* _Supplied data_
lemma chernoff_term_has_derivative_half:
  assumes "channel W"
  shows "((\<lambda>s. W a y powr (1 - s) * W b y powr s) has_real_derivative
           - (sqrt (W a y * W b y) * llr W a b y)) (at (1 / 2))"
proof (cases "0 < W a y \<and> 0 < W b y")
  case True
  have "((\<lambda>s. exp ((1 - s) * ln (W a y) + s * ln (W b y))) has_real_derivative
      exp ((1 - 1 / 2) * ln (W a y) + 1 / 2 * ln (W b y)) * (ln (W b y) - ln (W a y))) (at (1 / 2))"
    by (auto intro!: derivative_eq_intros simp: algebra_simps)
  moreover have "exp ((1 - 1 / 2) * ln (W a y) + 1 / 2 * ln (W b y)) = sqrt (W a y * W b y)"
    using True by (simp add: exp_add real_sqrt_mult ln_sqrt[symmetric])
  ultimately show ?thesis
    using True by (simp add: powr_def exp_add[symmetric] llr_def algebra_simps)
next
  case False
  moreover have "0 \<le> W a y" "0 \<le> W b y"
    using assms unfolding channel_def by auto
  ultimately have "W a y = 0 \<or> W b y = 0"
    by linarith
  then show ?thesis
    by (auto simp: llr_def)
qed

lemma reversible_sum_sqrt_mult_llr_eq_0:
  assumes "channel W" "pairwise_reversible W"
  shows "(\<Sum>y\<in>UNIV. sqrt (W a y * W b y) * llr W a b y) = 0"
proof -
  have "(\<Sum>y\<in>UNIV. - (sqrt (W a y * W b y) * llr W a b y)) = 0"
  proof (rule DERIV_local_min[OF DERIV_sum[OF chernoff_term_has_derivative_half[OF assms(1)]]])
    show "0 < (1 / 2 :: real)"
      by simp
    show "\<forall>s. \<bar>1 / 2 - s\<bar> < 1 / 2 \<longrightarrow>
        (\<Sum>y\<in>UNIV. W a y powr (1 - 1 / 2) * W b y powr (1 / 2)) \<le> (\<Sum>y\<in>UNIV. W a y powr (1 - s) * W b y powr s)"
    proof (intro allI impI)
      fix s :: real
      assume "\<bar>1 / 2 - s\<bar> < 1 / 2"
      then have "s \<in> {0..1}"
        by (auto simp: abs_if split: if_split_asm)
      then show "(\<Sum>y\<in>UNIV. W a y powr (1 - 1 / 2) * W b y powr (1 / 2))
          \<le> (\<Sum>y\<in>UNIV. W a y powr (1 - s) * W b y powr s)"
        using assms(2) unfolding pairwise_reversible_def chernoff_def by auto
    qed
  qed
  then show ?thesis
    by (simp add: sum_negf)
qed

(* By x / 0 = 0, tilt vanishes when bhatt W a b = 0; only sum_tilt needs bhatt W a b > 0. *)
definition tilt :: "('x \<Rightarrow> 'y::finite \<Rightarrow> real) \<Rightarrow> 'x \<Rightarrow> 'x \<Rightarrow> 'y \<Rightarrow> real" where
  "tilt W a b y = sqrt (W a y * W b y) / bhatt W a b"

lemma tilt_nonneg: "channel W \<Longrightarrow> 0 \<le> tilt W a b y"
  using bhatt_nonneg[of W a b] unfolding tilt_def channel_def by simp

lemma sum_tilt: "0 < bhatt W a b \<Longrightarrow> (\<Sum>y\<in>UNIV. tilt W a b y) = 1"
  by (simp add: tilt_def bhatt_def flip: sum_divide_distrib)

lemma reversible_sum_tilt_mult_llr_eq_0:
  assumes "channel W" "pairwise_reversible W"
  shows "(\<Sum>y\<in>UNIV. tilt W a b y * llr W a b y) = 0"
  using reversible_sum_sqrt_mult_llr_eq_0[OF assms, of a b]
  by (simp add: tilt_def sum_divide_distrib[symmetric])

lemma llr_second_moment_bound:
  fixes W :: "'x::finite \<Rightarrow> 'y::finite \<Rightarrow> real"
  assumes "channel W"
  obtains K where "0 < K" "\<And>a b. (\<Sum>y\<in>UNIV. tilt W a b y * (llr W a b y)\<^sup>2) \<le> K"
proof
  define m where "m a b = (\<Sum>y\<in>UNIV. tilt W a b y * (llr W a b y)\<^sup>2)" for a b
  have m_nonneg: "0 \<le> m a b" for a b
    unfolding m_def by (intro sum_nonneg mult_nonneg_nonneg tilt_nonneg[OF assms]) auto
  show "0 < 1 + (\<Sum>a\<in>UNIV. \<Sum>b\<in>UNIV. m a b)"
    using m_nonneg by (simp add: add_pos_nonneg sum_nonneg)
  fix a b
  have "m a b \<le> (\<Sum>b'\<in>UNIV. m a b')"
    using m_nonneg by (intro member_le_sum) auto
  also have "\<dots> \<le> (\<Sum>a'\<in>UNIV. \<Sum>b'\<in>UNIV. m a' b')"
    using m_nonneg by (intro member_le_sum sum_nonneg) auto
  finally show "(\<Sum>y\<in>UNIV. tilt W a b y * (llr W a b y)\<^sup>2) \<le> 1 + (\<Sum>a\<in>UNIV. \<Sum>b\<in>UNIV. m a b)"
    unfolding m_def by simp
qed

lemma exp_neg_half_mult_le:
  fixes q L \<tau> :: real
  assumes "0 \<le> q" "0 < \<tau>"
  shows "exp (- \<tau> / 2) * (q - q * L\<^sup>2 / \<tau>\<^sup>2) \<le> q * exp (- \<bar>L\<bar> / 2)"
proof (cases "\<bar>L\<bar> \<le> \<tau>")
  case True
  then have "\<bar>L\<bar>\<^sup>2 \<le> \<tau>\<^sup>2"
    by (intro power_mono) auto
  then have "q * L\<^sup>2 \<le> q * \<tau>\<^sup>2"
    using assms(1) by (intro mult_left_mono) auto
  then have "0 \<le> q - q * L\<^sup>2 / \<tau>\<^sup>2" "q - q * L\<^sup>2 / \<tau>\<^sup>2 \<le> q"
    using assms by (simp_all add: field_simps)
  moreover have "exp (- \<tau> / 2) \<le> exp (- \<bar>L\<bar> / 2)"
    using True by simp
  ultimately have "exp (- \<tau> / 2) * (q - q * L\<^sup>2 / \<tau>\<^sup>2) \<le> exp (- \<bar>L\<bar> / 2) * q"
    by (intro mult_mono) auto
  then show ?thesis
    by (simp add: mult.commute)
next
  case False
  then have "\<tau>\<^sup>2 \<le> \<bar>L\<bar>\<^sup>2"
    using assms(2) by (intro power_mono) auto
  then have "q - q * L\<^sup>2 / \<tau>\<^sup>2 \<le> 0"
    using assms by (simp add: field_simps mult_left_mono)
  then have "exp (- \<tau> / 2) * (q - q * L\<^sup>2 / \<tau>\<^sup>2) \<le> 0"
    by (simp add: mult_nonneg_nonpos)
  also have "0 \<le> q * exp (- \<bar>L\<bar> / 2)"
    using assms(1) by simp
  finally show ?thesis .
qed

lemma sum_mult_exp_neg_abs_ge:
  fixes Q L :: "'a \<Rightarrow> real"
  assumes "\<And>a. a \<in> A \<Longrightarrow> 0 \<le> Q a" "sum Q A = 1"
    and "(\<Sum>a\<in>A. Q a * (L a)\<^sup>2) \<le> \<tau>\<^sup>2 / 2" "0 < \<tau>"
  shows "exp (- \<tau> / 2) / 2 \<le> (\<Sum>a\<in>A. Q a * exp (- \<bar>L a\<bar> / 2))"
proof -
  have "exp (- \<tau> / 2) / 2 \<le> exp (- \<tau> / 2) * (1 - (\<Sum>a\<in>A. Q a * (L a)\<^sup>2) / \<tau>\<^sup>2)"
    using assms(3,4) by (simp add: field_simps)
  also have "\<dots> = (\<Sum>a\<in>A. exp (- \<tau> / 2) * (Q a - Q a * (L a)\<^sup>2 / \<tau>\<^sup>2))"
    using assms(2)
    by (simp add: sum_distrib_left[symmetric] sum_subtractf sum_divide_distrib[symmetric] right_diff_distrib)
  also have "\<dots> \<le> (\<Sum>a\<in>A. Q a * exp (- \<bar>L a\<bar> / 2))"
    using assms(1,4) by (intro sum_mono exp_neg_half_mult_le)
  finally show ?thesis .
qed

lemma sqrt_Wn_mult_exp_le_min:
  assumes "channel W" "length xs = n" "length xs' = n"
  shows "sqrt (Wn W xs ys * Wn W xs' ys) * exp (- \<bar>\<Sum>i<n. llr W (xs ! i) (xs' ! i) (ys ! i)\<bar> / 2)
           \<le> min (Wn W xs ys) (Wn W xs' ys)"
proof -
  let ?L = "\<Sum>i<n. llr W (xs ! i) (xs' ! i) (ys ! i)"
  let ?S = "\<lambda>i. sqrt (W (xs ! i) (ys ! i) * W (xs' ! i) (ys ! i))"
  have W_nonneg: "0 \<le> W a y" for a y
    using \<open>channel W\<close> unfolding channel_def by auto
  have sqrt_Wn: "sqrt (Wn W xs ys * Wn W xs' ys) = (\<Prod>i<n. ?S i)"
    using assms by (simp add: Wn_def prod.distrib[symmetric] real_sqrt_prod)
  have "sqrt (Wn W xs ys * Wn W xs' ys) * exp (?L / 2)
      = (\<Prod>i<n. ?S i * exp (llr W (xs ! i) (xs' ! i) (ys ! i) / 2))"
    by (simp add: sqrt_Wn prod.distrib exp_sum sum_divide_distrib)
  also have "\<dots> \<le> Wn W xs ys"
    unfolding Wn_def \<open>length xs = n\<close>
    by (intro prod_mono conjI sqrt_mult_exp_llr_le[OF \<open>channel W\<close>]) (auto simp: W_nonneg)
  finally have le_Wn: "sqrt (Wn W xs ys * Wn W xs' ys) * exp (?L / 2) \<le> Wn W xs ys" .
  have "sqrt (Wn W xs ys * Wn W xs' ys) * exp (- ?L / 2)
      = (\<Prod>i<n. ?S i * exp (- llr W (xs ! i) (xs' ! i) (ys ! i) / 2))"
    by (simp add: sqrt_Wn prod.distrib exp_sum sum_divide_distrib sum_negf[symmetric])
  also have "\<dots> \<le> Wn W xs' ys"
    unfolding Wn_def \<open>length xs' = n\<close>
    by (intro prod_mono conjI sqrt_mult_exp_llr_le[OF \<open>channel W\<close>]) (auto simp: W_nonneg)
  finally have le_Wn': "sqrt (Wn W xs ys * Wn W xs' ys) * exp (- ?L / 2) \<le> Wn W xs' ys" .
  have "sqrt (Wn W xs ys * Wn W xs' ys) * exp (- \<bar>?L\<bar> / 2) \<le> sqrt (Wn W xs ys * Wn W xs' ys) * exp (?L / 2)"
    "sqrt (Wn W xs ys * Wn W xs' ys) * exp (- \<bar>?L\<bar> / 2) \<le> sqrt (Wn W xs ys * Wn W xs' ys) * exp (- ?L / 2)"
    by (intro mult_left_mono; simp add: Wn_nonneg[OF \<open>channel W\<close>])+
  then show ?thesis
    unfolding min.bounded_iff using le_Wn le_Wn' by linarith
qed

lemma prod_bhatt_mult_prod_tilt:
  assumes "\<And>i. i < n \<Longrightarrow> 0 < bhatt W (xs ! i) (xs' ! i)" "length xs = n" "length xs' = n"
  shows "(\<Prod>i<n. bhatt W (xs ! i) (xs' ! i)) * (\<Prod>i<n. tilt W (xs ! i) (xs' ! i) (ys ! i))
           = sqrt (Wn W xs ys * Wn W xs' ys)"
proof -
  have "(\<Prod>i<n. bhatt W (xs ! i) (xs' ! i)) * (\<Prod>i<n. tilt W (xs ! i) (xs' ! i) (ys ! i))
      = (\<Prod>i<n. sqrt (W (xs ! i) (ys ! i) * W (xs' ! i) (ys ! i)))"
    unfolding prod.distrib[symmetric] using assms(1)
    by (intro prod.cong refl) (simp add: tilt_def less_imp_neq[symmetric])
  also have "\<dots> = sqrt (Wn W xs ys * Wn W xs' ys)"
    using assms(2,3) by (simp add: Wn_def prod.distrib[symmetric] real_sqrt_prod)
  finally show ?thesis .
qed

lemma reversible_tilted_llr_concentration:
  fixes W :: "'x::finite \<Rightarrow> 'y::finite \<Rightarrow> real"
  assumes ch: "channel W" and rev: "pairwise_reversible W" and "0 < K" "0 < n"
    and moment: "\<And>a b. (\<Sum>y\<in>UNIV. tilt W a b y * (llr W a b y)\<^sup>2) \<le> K"
    and bhatt_pos: "\<And>i. i < n \<Longrightarrow> 0 < bhatt W (xs ! i) (xs' ! i)"
  shows "exp (- sqrt (2 * K * real n) / 2) / 2
           \<le> (\<Sum>ys\<in>words n. (\<Prod>i<n. tilt W (xs ! i) (xs' ! i) (ys ! i))
                * exp (- \<bar>\<Sum>i<n. llr W (xs ! i) (xs' ! i) (ys ! i)\<bar> / 2))"
proof (rule sum_mult_exp_neg_abs_ge)
  define q where "q i y = tilt W (xs ! i) (xs' ! i) y" for i y
  define l where "l i y = llr W (xs ! i) (xs' ! i) y" for i y
  have q_sum: "(\<Sum>y\<in>UNIV. q i y) = 1" if "i < n" for i
    unfolding q_def using bhatt_pos[OF that] by (rule sum_tilt)
  have q_mean: "(\<Sum>y\<in>UNIV. q i y * l i y) = 0" for i
    unfolding q_def l_def by (rule reversible_sum_tilt_mult_llr_eq_0[OF ch rev])
  show "(\<Sum>ys\<in>words n. \<Prod>i<n. tilt W (xs ! i) (xs' ! i) (ys ! i)) = 1"
    using q_sum sum_words_prod[of q n] by (simp add: q_def)
  have "(\<Sum>ys\<in>words n. (\<Prod>i<n. q i (ys ! i)) * (\<Sum>i<n. l i (ys ! i))\<^sup>2)
      = (\<Sum>i<n. \<Sum>y\<in>UNIV. q i y * (l i y)\<^sup>2)"
    by (rule sum_words_prod_sum_sq[OF q_sum q_mean])
  also have "\<dots> \<le> (sqrt (2 * K * real n))\<^sup>2 / 2"
    using sum_mono[of "{..<n}", OF moment] \<open>0 < K\<close> by (simp add: q_def l_def mult.commute)
  finally show "(\<Sum>ys\<in>words n. (\<Prod>i<n. tilt W (xs ! i) (xs' ! i) (ys ! i))
      * (\<Sum>i<n. llr W (xs ! i) (xs' ! i) (ys ! i))\<^sup>2) \<le> (sqrt (2 * K * real n))\<^sup>2 / 2"
    by (simp add: q_def l_def)
qed (use assms in \<open>auto intro: prod_nonneg tilt_nonneg\<close>)

lemma sum_min_Wn_ge_reversible:
  fixes W :: "'x::finite \<Rightarrow> 'y::finite \<Rightarrow> real"
  assumes ch: "channel W" and rev: "pairwise_reversible W" and "0 < K"
    and moment: "\<And>a b. (\<Sum>y\<in>UNIV. tilt W a b y * (llr W a b y)\<^sup>2) \<le> K"
    and len: "length xs = n" "length xs' = n" and "0 < n"
  shows "(\<Sum>ys\<in>words n. sqrt (Wn W xs ys * Wn W xs' ys)) * exp (- sqrt (2 * K * real n) / 2) / 2
           \<le> (\<Sum>ys\<in>words n. min (Wn W xs ys) (Wn W xs' ys))"
proof -
  define B where "B = (\<Prod>i<n. bhatt W (xs ! i) (xs' ! i))"
  define L where "L ys = (\<Sum>i<n. llr W (xs ! i) (xs' ! i) (ys ! i))" for ys
  have B_eq: "(\<Sum>ys\<in>words n. sqrt (Wn W xs ys * Wn W xs' ys)) = B"
    unfolding B_def by (rule sum_sqrt_Wn_eq_prod_bhatt[OF len])
  have "0 \<le> (\<Sum>ys\<in>words n. min (Wn W xs ys) (Wn W xs' ys))"
    by (intro sum_nonneg) (simp add: Wn_nonneg[OF ch])
  moreover have "B * exp (- sqrt (2 * K * real n) / 2) / 2 \<le> (\<Sum>ys\<in>words n. min (Wn W xs ys) (Wn W xs' ys))"
    if "B \<noteq> 0"
  proof -
    have bhatt_pos: "0 < bhatt W (xs ! i) (xs' ! i)" if "i < n" for i
      using \<open>B \<noteq> 0\<close> that bhatt_nonneg[OF ch] unfolding B_def by (force simp: less_le)
    have "0 \<le> B"
      unfolding B_def by (intro prod_nonneg) (simp add: bhatt_nonneg[OF ch])
    then have "B * (exp (- sqrt (2 * K * real n) / 2) / 2)
        \<le> B * (\<Sum>ys\<in>words n. (\<Prod>i<n. tilt W (xs ! i) (xs' ! i) (ys ! i)) * exp (- \<bar>L ys\<bar> / 2))"
      unfolding L_def
      by (intro mult_left_mono reversible_tilted_llr_concentration[OF ch rev \<open>0 < K\<close> \<open>0 < n\<close> moment bhatt_pos])
    also have "\<dots> = (\<Sum>ys\<in>words n. sqrt (Wn W xs ys * Wn W xs' ys) * exp (- \<bar>L ys\<bar> / 2))"
      unfolding B_def sum_distrib_left mult.assoc[symmetric]
      by (simp add: prod_bhatt_mult_prod_tilt[OF bhatt_pos len])
    also have "\<dots> \<le> (\<Sum>ys\<in>words n. min (Wn W xs ys) (Wn W xs' ys))"
      unfolding L_def by (intro sum_mono sqrt_Wn_mult_exp_le_min[OF ch len])
    finally show ?thesis
      by simp
  qed
  ultimately show ?thesis
    using B_eq by (cases "B = 0") auto
qed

* _Directions_
How many of the lines above include the word "lambda"? Give that number without comment.

* _Exercise output_
3